_Exercise inputs_

lemma expectation_embed_db_le:
  assumes "0 < b" "0 \<le> \<epsilon>" "0 \<le> \<delta>" and dp: "diff_private (dbs (b ^ S) (Suc n)) \<epsilon> \<delta> M"
    and D: "D \<in> dbs S n" "D \<noteq> []"
  shows "measure_pmf.expectation (pmf_of_set {..<b ^ S})
           (\<lambda>w. measure_pmf.prob (M (embed_db b S D w))
                  {Min (set (embed_db b S D w))..Max (set (embed_db b S D w))})
         \<le> measure_pmf.prob (reduce_mech b S M D) {Min (set D)..Max (set D)} + (exp \<epsilon> / b + \<delta>)"
proof -
  define I where "I E = {Min (set E)..Max (set E)}" for E :: "nat list"
  define B where "B w = {z. z div b ^ (S - Suc (Max (set D))) = w div b ^ (S - Suc (Max (set D)))}"
    for w
  have "set D \<subseteq> {..<S}"
    using D(1) by (simp add: dbs_def)
  then have "(\<Sum>w<b ^ S. measure_pmf.prob (M (embed_db b S D w)) (I (embed_db b S D w))) / b ^ S
      \<le> (\<Sum>w<b ^ S. measure_pmf.prob (M (embed_db b S D w)) (agreement b S w -` I D)) / b ^ S
        + (\<Sum>w<b ^ S. measure_pmf.prob (M (embed_db b S D w)) (B w)) / b ^ S"
    using prob_between_embed_db_le[OF assms(1) D(2)]
    by (simp add: I_def B_def sum_mono divide_right_mono flip: add_divide_distrib sum.distrib)
  also have "\<dots> \<le> measure_pmf.prob (reduce_mech b S M D) (I D) + (exp \<epsilon> / b + \<delta>)"
    using prob_guess_beyond_Max_le[OF assms] by (simp add: prob_reduce_mech[OF assms(1)] B_def)
  finally show ?thesis
    using assms(1) by (simp add: integral_pmf_of_lessThan I_def)
qed

lemma integrable_expectation_prob:
  "integrable (measure_pmf p)
     (\<lambda>x. measure_pmf.expectation (q x) (\<lambda>y. measure_pmf.prob (r x y) (A x y)))"
proof (rule measure_pmf.integrable_const_bound[where B = 1])
  have "integrable (measure_pmf (q x)) (\<lambda>y. measure_pmf.prob (r x y) (A x y))" for x
    by (rule measure_pmf.integrable_const_bound[where B = 1]) simp_all
  then show "AE x in p. norm (measure_pmf.expectation (q x) (\<lambda>y. measure_pmf.prob (r x y) (A x y))) \<le> 1"
    by (auto intro!: measure_pmf.integral_le_const integral_nonneg)
qed simp

lemma success_lift_dist_le:
  assumes "0 < b" "0 \<le> \<epsilon>" "0 \<le> \<delta>" and dp: "diff_private (dbs (b ^ S) (Suc n)) \<epsilon> \<delta> M"
    and P: "set_pmf P \<subseteq> dbs S n" and "0 < n"
  shows "success (lift_dist b S P) M \<le> success P (reduce_mech b S M) + (exp \<epsilon> / b + \<delta>)"
proof -
  have int: "integrable (measure_pmf P)
      (\<lambda>D. measure_pmf.prob (reduce_mech b S M D) {Min (set D)..Max (set D)})"
    by (rule measure_pmf.integrable_const_bound[where B = 1]) simp_all
  have "success (lift_dist b S P) M \<le> measure_pmf.expectation P
      (\<lambda>D. measure_pmf.prob (reduce_mech b S M D) {Min (set D)..Max (set D)} + (exp \<epsilon> / b + \<delta>))"
    unfolding success_lift_dist
  proof (rule integral_mono_AE[OF integrable_expectation_prob])
    show "integrable (measure_pmf P) (\<lambda>D. measure_pmf.prob (reduce_mech b S M D)
        {Min (set D)..Max (set D)} + (exp \<epsilon> / b + \<delta>))"
      using int by simp
    show "AE D in P. measure_pmf.expectation (pmf_of_set {..<b ^ S})
        (\<lambda>w. measure_pmf.prob (M (embed_db b S D w))
               {Min (set (embed_db b S D w))..Max (set (embed_db b S D w))})
      \<le> measure_pmf.prob (reduce_mech b S M D) {Min (set D)..Max (set D)} + (exp \<epsilon> / b + \<delta>)"
      using P assms(6) by (intro AE_pmfI expectation_embed_db_le[OF assms(1-4)]) (auto simp: dbs_def)
  qed
  then show ?thesis
    using int by (simp add: success_eq)
qed

lemma success_two_point_le:
  assumes "0 \<le> \<epsilon>" "0 \<le> \<delta>" and dp: "diff_private (dbs 2 1) \<epsilon> \<delta> M"
  shows "success (pmf_of_set {[0], [1]}) M \<le> exp \<epsilon> / (exp \<epsilon> + 1) + \<delta>"
proof -
  define p0 where "p0 = measure_pmf.prob (M [0]) {0}"
  define r0 where "r0 = measure_pmf.prob (M [0]) {1}"
  define p1 where "p1 = measure_pmf.prob (M [1]) {1}"
  define r1 where "r1 = measure_pmf.prob (M [1]) {0}"
  have "{i. i < length [x :: nat] \<and> [x] ! i \<noteq> [y] ! i} = {0}" if "x \<noteq> y" for x y
    using that by auto
  then have "neighbors [0 :: nat] [1]" "neighbors [1 :: nat] [0]"
    by (simp_all add: neighbors_def)
  moreover have "[0] \<in> dbs 2 1" "[1] \<in> dbs 2 1"
    by (auto simp: dbs_def)
  ultimately have privacy: "p0 \<le> exp \<epsilon> * r1 + \<delta>" "p1 \<le> exp \<epsilon> * r0 + \<delta>"
    using dp by (auto simp: diff_private_def p0_def r0_def p1_def r1_def)
  have "measure_pmf.prob N {0 :: nat} + measure_pmf.prob N {1} \<le> 1" for N
    using measure_pmf.finite_measure_Union[of "{0}" N "{1}"] measure_pmf.prob_le_1[of N "{0, 1}"]
    by (simp add: insert_commute)
  then have total: "p0 + r0 \<le> 1" "p1 + r1 \<le> 1"
    by (auto simp: p0_def r0_def p1_def r1_def add.commute)
  have "(p0 + p1) * (exp \<epsilon> + 1) \<le> 2 * exp \<epsilon> + 2 * \<delta>"
    using privacy mult_left_mono[OF total(1), of "exp \<epsilon>"] mult_left_mono[OF total(2), of "exp \<epsilon>"]
    by (simp add: algebra_simps)
  then have "(p0 + p1) / 2 \<le> (exp \<epsilon> + \<delta>) / (exp \<epsilon> + 1)"
    by (simp add: pos_le_divide_eq add_pos_pos)
  also have "\<dots> = exp \<epsilon> / (exp \<epsilon> + 1) + \<delta> / (exp \<epsilon> + 1)"
    by (rule add_divide_distrib)
  also have "\<dots> \<le> exp \<epsilon> / (exp \<epsilon> + 1) + \<delta>"
    using assms(2) by (simp add: divide_le_eq add_pos_pos mult_le_cancel_left1)
  also have "(p0 + p1) / 2 = success (pmf_of_set {[0], [1]}) M"
    by (simp add: success_eq integral_pmf_of_set p0_def p1_def)
  finally show ?thesis .
qed

subsection \<open>The tower\<close>

lemma of_nat_nat_floor_inverse:
  fixes x :: real
  assumes "0 < x" "1 / x \<in> \<int>"
  shows "real (nat \<lfloor>1 / x\<rfloor>) = 1 / x"
  using assms by (auto elim: Ints_cases)

lemma Stower_Suc: "1 \<le> n \<Longrightarrow> Stower \<delta> (Suc n) = nat \<lfloor>1 / \<delta> n\<rfloor> ^ Stower \<delta> n"
  by (cases n) simp_all

text \<open>The term e^\<epsilon> \<delta>(n) subtracted here is exactly what the reduction step adds back.\<close>
lemma hard_distribution_exists:
  fixes \<delta> :: "nat \<Rightarrow> real"
  assumes "0 \<le> \<epsilon>"
    and delta_pos: "\<forall>n\<ge>1. 0 < \<delta> n"
    and delta_mono: "\<forall>n\<ge>1. \<delta> (Suc n) \<le> \<delta> n"
    and b_int: "\<forall>n\<ge>1. 1 / \<delta> n \<in> \<int>"
    and "1 \<le> n"
  shows "\<exists>P. set_pmf P \<subseteq> dbs (Stower \<delta> n) n \<and>
           (\<forall>M. diff_private (dbs (Stower \<delta> n) n) \<epsilon> (\<delta> n) M \<longrightarrow>
              success P M \<le> exp \<epsilon> / (exp \<epsilon> + 1) + (exp \<epsilon> + 1) * (\<Sum>j=1..n. \<delta> j) - exp \<epsilon> * \<delta> n)"
  using \<open>1 \<le> n\<close>
proof (induction n rule: nat_induct_at_least)
  case base
  have "success (pmf_of_set {[0], [1]}) M
      \<le> exp \<epsilon> / (exp \<epsilon> + 1) + (exp \<epsilon> + 1) * (\<Sum>j=1..1. \<delta> j) - exp \<epsilon> * \<delta> 1"
    if "diff_private (dbs (Stower \<delta> 1) 1) \<epsilon> (\<delta> 1) M" for M
    using success_two_point_le[of \<epsilon> "\<delta> 1" M] that assms(1) delta_pos[rule_format, of 1]
    by (simp add: algebra_simps)
  moreover have "set_pmf (pmf_of_set {[0 :: nat], [1]}) \<subseteq> dbs (Stower \<delta> 1) 1"
    by (auto simp: dbs_def)
  ultimately show ?case
    by blast
next
  case (Suc n)
  define S where "S = Stower \<delta> n"
  define b where "b = nat \<lfloor>1 / \<delta> n\<rfloor>"
  have "0 < \<delta> n"
    using Suc.hyps delta_pos by simp
  then have b_inv: "real b = 1 / \<delta> n"
    using Suc.hyps b_int of_nat_nat_floor_inverse[of "\<delta> n"] by (simp add: b_def)
  with \<open>0 < \<delta> n\<close> have b_pos: "0 < b"
    by (metis of_nat_0_less_iff zero_less_divide_1_iff)
  have \<delta>: "0 < \<delta> (Suc n)" "\<delta> (Suc n) \<le> \<delta> n"
    using Suc.hyps delta_pos delta_mono by auto
  obtain P where P: "set_pmf P \<subseteq> dbs S n"
    and IH: "\<And>M. diff_private (dbs S n) \<epsilon> (\<delta> n) M \<Longrightarrow>
               success P M \<le> exp \<epsilon> / (exp \<epsilon> + 1) + (exp \<epsilon> + 1) * (\<Sum>j=1..n. \<delta> j) - exp \<epsilon> * \<delta> n"
    using Suc.IH by (auto simp: S_def)
  have "success (lift_dist b S P) M
      \<le> exp \<epsilon> / (exp \<epsilon> + 1) + (exp \<epsilon> + 1) * (\<Sum>j=1..Suc n. \<delta> j) - exp \<epsilon> * \<delta> (Suc n)"
    if dp: "diff_private (dbs (b ^ S) (Suc n)) \<epsilon> (\<delta> (Suc n)) M" for M
  proof -
    have "diff_private (dbs S n) \<epsilon> (\<delta> n) (reduce_mech b S M)"
      using diff_private_reduce_mech[OF b_pos assms(1) _ dp] \<delta> by (auto intro: diff_private_mono)
    then have "success (lift_dist b S P) M
        \<le> exp \<epsilon> / (exp \<epsilon> + 1) + (exp \<epsilon> + 1) * (\<Sum>j=1..n. \<delta> j) - exp \<epsilon> * \<delta> n
          + (exp \<epsilon> * \<delta> n + \<delta> (Suc n))"
      using success_lift_dist_le[OF b_pos assms(1) _ dp P] IH Suc.hyps \<delta>(1) b_inv
      by fastforce
    then show ?thesis
      using Suc.hyps by (simp add: algebra_simps)
  qed
  moreover have "set_pmf (lift_dist b S P) \<subseteq> dbs (b ^ S) (Suc n)"
    using set_pmf_lift_dist[OF b_pos P] .
  ultimately show ?case
    using Suc.hyps by (auto simp: Stower_Suc S_def b_def)
qed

_What to do_
Which of the lines in the data hold the string "also"? Report each of them by copying it.

_Exercise response_
  also have "\<dots> \<le> measure_pmf.prob (reduce_mech b S M D) (I D) + (exp \<epsilon> / b + \<delta>)"
  also have "\<dots> = exp \<epsilon> / (exp \<epsilon> + 1) + \<delta> / (exp \<epsilon> + 1)"
  also have "\<dots> \<le> exp \<epsilon> / (exp \<epsilon> + 1) + \<delta>"
  also have "(p0 + p1) / 2 = success (pmf_of_set {[0], [1]}) M"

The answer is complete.